What to work on: Take the entries below and print, exactly, the stretch from the line containing "obtain u1 where" through the line containing "unfolding min_first_coord_def using", both included.

Saved data entries
########################################

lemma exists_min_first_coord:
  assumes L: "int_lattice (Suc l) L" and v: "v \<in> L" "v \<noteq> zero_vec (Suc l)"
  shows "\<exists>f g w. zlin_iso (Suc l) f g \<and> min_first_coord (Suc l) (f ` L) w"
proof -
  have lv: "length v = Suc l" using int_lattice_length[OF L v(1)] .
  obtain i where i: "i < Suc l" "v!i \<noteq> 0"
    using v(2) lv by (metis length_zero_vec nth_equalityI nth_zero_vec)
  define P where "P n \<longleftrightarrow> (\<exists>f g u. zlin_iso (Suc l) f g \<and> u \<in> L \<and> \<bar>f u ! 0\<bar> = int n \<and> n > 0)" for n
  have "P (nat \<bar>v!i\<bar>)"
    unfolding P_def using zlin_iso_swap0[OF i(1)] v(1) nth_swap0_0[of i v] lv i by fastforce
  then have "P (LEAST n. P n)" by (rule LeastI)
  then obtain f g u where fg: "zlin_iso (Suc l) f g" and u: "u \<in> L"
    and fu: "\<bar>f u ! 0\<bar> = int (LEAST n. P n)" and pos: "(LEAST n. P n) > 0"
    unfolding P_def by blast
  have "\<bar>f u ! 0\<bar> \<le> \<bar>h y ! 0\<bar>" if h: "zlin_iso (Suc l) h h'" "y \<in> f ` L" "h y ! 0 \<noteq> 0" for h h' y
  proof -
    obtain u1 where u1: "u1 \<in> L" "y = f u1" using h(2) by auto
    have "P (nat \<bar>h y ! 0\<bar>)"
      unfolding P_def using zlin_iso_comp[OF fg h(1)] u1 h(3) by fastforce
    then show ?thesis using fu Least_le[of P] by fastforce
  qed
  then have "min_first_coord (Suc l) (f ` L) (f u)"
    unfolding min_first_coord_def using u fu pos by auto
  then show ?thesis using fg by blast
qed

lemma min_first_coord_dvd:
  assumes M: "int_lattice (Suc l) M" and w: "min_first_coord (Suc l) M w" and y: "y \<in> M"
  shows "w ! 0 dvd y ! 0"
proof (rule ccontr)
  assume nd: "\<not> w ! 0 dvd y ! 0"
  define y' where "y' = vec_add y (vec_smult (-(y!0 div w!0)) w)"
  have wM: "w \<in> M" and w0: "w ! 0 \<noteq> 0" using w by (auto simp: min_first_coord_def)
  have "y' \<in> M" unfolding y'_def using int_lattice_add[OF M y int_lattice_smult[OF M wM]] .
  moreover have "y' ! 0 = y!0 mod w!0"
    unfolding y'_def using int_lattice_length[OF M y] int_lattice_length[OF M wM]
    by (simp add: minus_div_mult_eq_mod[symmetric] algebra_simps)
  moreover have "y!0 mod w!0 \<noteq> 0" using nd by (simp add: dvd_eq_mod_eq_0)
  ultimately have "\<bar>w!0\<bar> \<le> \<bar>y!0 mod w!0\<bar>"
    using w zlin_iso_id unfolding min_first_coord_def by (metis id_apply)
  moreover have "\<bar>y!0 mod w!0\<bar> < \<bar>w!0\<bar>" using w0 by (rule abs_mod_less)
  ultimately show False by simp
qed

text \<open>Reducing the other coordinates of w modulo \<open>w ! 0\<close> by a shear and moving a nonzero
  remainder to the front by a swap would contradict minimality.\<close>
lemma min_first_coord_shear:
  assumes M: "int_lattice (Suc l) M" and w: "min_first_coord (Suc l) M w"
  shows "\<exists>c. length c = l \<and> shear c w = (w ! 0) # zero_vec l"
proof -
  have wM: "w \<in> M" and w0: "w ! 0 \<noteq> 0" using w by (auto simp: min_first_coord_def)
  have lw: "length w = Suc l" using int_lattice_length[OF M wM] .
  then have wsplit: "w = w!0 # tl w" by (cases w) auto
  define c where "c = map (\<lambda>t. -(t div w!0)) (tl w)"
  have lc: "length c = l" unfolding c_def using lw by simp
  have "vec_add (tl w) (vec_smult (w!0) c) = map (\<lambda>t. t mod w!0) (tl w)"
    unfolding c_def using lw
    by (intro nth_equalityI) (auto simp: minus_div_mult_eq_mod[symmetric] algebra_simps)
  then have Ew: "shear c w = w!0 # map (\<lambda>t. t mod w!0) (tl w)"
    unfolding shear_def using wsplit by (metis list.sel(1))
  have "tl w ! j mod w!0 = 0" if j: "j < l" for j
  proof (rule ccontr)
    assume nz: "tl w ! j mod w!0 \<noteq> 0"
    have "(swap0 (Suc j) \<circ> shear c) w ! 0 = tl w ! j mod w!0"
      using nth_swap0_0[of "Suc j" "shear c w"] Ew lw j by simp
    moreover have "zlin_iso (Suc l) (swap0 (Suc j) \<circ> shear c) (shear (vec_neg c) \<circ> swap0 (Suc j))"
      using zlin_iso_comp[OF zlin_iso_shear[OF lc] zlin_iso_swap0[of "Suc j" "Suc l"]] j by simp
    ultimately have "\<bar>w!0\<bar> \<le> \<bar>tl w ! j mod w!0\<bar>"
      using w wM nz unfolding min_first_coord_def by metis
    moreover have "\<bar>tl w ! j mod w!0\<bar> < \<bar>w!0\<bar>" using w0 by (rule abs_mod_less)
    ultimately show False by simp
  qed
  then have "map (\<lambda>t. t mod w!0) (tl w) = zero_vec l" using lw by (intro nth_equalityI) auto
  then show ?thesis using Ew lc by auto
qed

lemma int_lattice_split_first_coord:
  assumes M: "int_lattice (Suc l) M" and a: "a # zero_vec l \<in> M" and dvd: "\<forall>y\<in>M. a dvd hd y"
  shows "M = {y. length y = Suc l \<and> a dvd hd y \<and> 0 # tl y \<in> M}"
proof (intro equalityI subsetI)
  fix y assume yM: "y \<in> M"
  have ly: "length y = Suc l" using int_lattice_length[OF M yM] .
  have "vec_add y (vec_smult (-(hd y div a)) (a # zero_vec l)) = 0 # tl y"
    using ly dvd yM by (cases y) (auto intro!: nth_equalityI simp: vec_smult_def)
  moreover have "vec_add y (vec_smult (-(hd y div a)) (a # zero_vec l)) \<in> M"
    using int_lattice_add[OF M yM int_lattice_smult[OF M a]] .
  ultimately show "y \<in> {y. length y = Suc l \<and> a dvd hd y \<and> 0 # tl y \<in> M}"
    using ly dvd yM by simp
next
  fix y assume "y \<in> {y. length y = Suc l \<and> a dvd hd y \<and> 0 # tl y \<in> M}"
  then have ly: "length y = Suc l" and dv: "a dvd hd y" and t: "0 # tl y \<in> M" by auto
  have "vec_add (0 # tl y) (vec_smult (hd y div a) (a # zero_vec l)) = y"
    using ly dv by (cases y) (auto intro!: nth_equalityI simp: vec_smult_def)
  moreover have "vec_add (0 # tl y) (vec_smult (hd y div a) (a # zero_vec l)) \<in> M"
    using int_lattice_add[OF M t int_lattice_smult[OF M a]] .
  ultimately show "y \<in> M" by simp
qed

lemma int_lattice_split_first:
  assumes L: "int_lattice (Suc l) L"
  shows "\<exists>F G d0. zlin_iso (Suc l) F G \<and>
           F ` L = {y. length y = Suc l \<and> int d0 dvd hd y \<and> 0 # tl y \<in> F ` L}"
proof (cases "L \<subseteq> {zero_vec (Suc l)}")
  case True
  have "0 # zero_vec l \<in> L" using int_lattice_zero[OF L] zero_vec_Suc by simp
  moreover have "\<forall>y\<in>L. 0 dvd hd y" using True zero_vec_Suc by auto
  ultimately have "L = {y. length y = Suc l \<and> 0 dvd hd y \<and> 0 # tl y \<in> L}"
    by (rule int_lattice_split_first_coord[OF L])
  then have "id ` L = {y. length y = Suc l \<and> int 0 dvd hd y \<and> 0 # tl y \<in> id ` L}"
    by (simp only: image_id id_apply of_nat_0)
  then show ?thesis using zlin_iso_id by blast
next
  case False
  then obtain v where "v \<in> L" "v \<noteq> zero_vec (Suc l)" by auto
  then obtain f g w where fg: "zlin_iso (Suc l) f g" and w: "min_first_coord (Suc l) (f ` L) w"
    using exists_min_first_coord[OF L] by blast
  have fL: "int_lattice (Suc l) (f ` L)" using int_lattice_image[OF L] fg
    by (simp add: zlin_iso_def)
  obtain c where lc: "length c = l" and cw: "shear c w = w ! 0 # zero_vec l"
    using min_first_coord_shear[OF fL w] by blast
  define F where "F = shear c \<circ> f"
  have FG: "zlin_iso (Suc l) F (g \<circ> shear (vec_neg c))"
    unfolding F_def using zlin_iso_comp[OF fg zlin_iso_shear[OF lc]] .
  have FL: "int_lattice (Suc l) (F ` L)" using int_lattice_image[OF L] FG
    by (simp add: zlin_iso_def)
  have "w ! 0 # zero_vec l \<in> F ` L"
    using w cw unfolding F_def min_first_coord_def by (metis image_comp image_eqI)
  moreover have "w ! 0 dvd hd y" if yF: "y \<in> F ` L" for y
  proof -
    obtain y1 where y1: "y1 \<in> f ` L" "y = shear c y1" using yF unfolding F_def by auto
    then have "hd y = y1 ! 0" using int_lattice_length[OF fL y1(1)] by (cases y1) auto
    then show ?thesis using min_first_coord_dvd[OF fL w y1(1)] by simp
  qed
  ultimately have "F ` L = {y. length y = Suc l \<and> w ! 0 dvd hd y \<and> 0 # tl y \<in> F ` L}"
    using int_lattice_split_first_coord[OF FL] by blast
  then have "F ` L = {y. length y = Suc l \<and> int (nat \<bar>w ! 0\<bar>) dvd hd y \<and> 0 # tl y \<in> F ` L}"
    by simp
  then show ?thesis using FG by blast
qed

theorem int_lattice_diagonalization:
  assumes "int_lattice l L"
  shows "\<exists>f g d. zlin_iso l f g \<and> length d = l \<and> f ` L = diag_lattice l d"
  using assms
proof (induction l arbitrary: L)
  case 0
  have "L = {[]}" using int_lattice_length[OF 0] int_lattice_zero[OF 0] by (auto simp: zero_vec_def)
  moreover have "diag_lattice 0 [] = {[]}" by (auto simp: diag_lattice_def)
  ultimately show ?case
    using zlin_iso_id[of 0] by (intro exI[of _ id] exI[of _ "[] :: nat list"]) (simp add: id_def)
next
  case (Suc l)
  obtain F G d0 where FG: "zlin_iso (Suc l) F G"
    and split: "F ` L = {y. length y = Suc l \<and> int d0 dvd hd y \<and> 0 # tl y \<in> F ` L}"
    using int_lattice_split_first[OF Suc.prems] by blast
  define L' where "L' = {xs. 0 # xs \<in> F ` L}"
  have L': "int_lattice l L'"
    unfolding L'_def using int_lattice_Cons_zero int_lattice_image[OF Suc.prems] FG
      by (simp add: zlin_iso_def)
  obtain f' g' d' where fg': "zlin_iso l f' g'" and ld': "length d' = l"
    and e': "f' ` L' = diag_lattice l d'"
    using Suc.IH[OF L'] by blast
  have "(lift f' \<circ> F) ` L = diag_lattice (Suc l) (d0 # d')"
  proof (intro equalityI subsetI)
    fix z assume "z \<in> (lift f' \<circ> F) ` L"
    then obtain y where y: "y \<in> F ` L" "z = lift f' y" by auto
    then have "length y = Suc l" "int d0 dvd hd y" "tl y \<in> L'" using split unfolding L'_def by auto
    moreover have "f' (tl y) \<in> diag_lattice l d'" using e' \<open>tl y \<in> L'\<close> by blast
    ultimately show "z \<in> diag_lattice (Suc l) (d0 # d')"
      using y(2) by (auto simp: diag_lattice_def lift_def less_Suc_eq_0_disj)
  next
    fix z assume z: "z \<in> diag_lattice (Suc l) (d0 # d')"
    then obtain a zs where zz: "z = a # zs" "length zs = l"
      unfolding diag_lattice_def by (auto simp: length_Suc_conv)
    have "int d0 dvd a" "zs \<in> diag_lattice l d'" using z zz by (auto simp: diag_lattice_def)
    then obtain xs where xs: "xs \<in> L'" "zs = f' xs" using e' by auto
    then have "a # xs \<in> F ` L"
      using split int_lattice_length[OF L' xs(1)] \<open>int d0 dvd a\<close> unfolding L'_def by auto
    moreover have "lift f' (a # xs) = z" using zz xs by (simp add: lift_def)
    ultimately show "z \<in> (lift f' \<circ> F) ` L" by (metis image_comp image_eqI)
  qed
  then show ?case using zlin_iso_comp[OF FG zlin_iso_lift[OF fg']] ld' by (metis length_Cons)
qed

########################################

Result of the task:
    obtain u1 where u1: "u1 \<in> L" "y = f u1" using h(2) by auto
    have "P (nat \<bar>h y ! 0\<bar>)"
      unfolding P_def using zlin_iso_comp[OF fg h(1)] u1 h(3) by fastforce
    then show ?thesis using fu Least_le[of P] by fastforce
  qed
  then have "min_first_coord (Suc l) (f ` L) (f u)"
    unfolding min_first_coord_def using u fu pos by auto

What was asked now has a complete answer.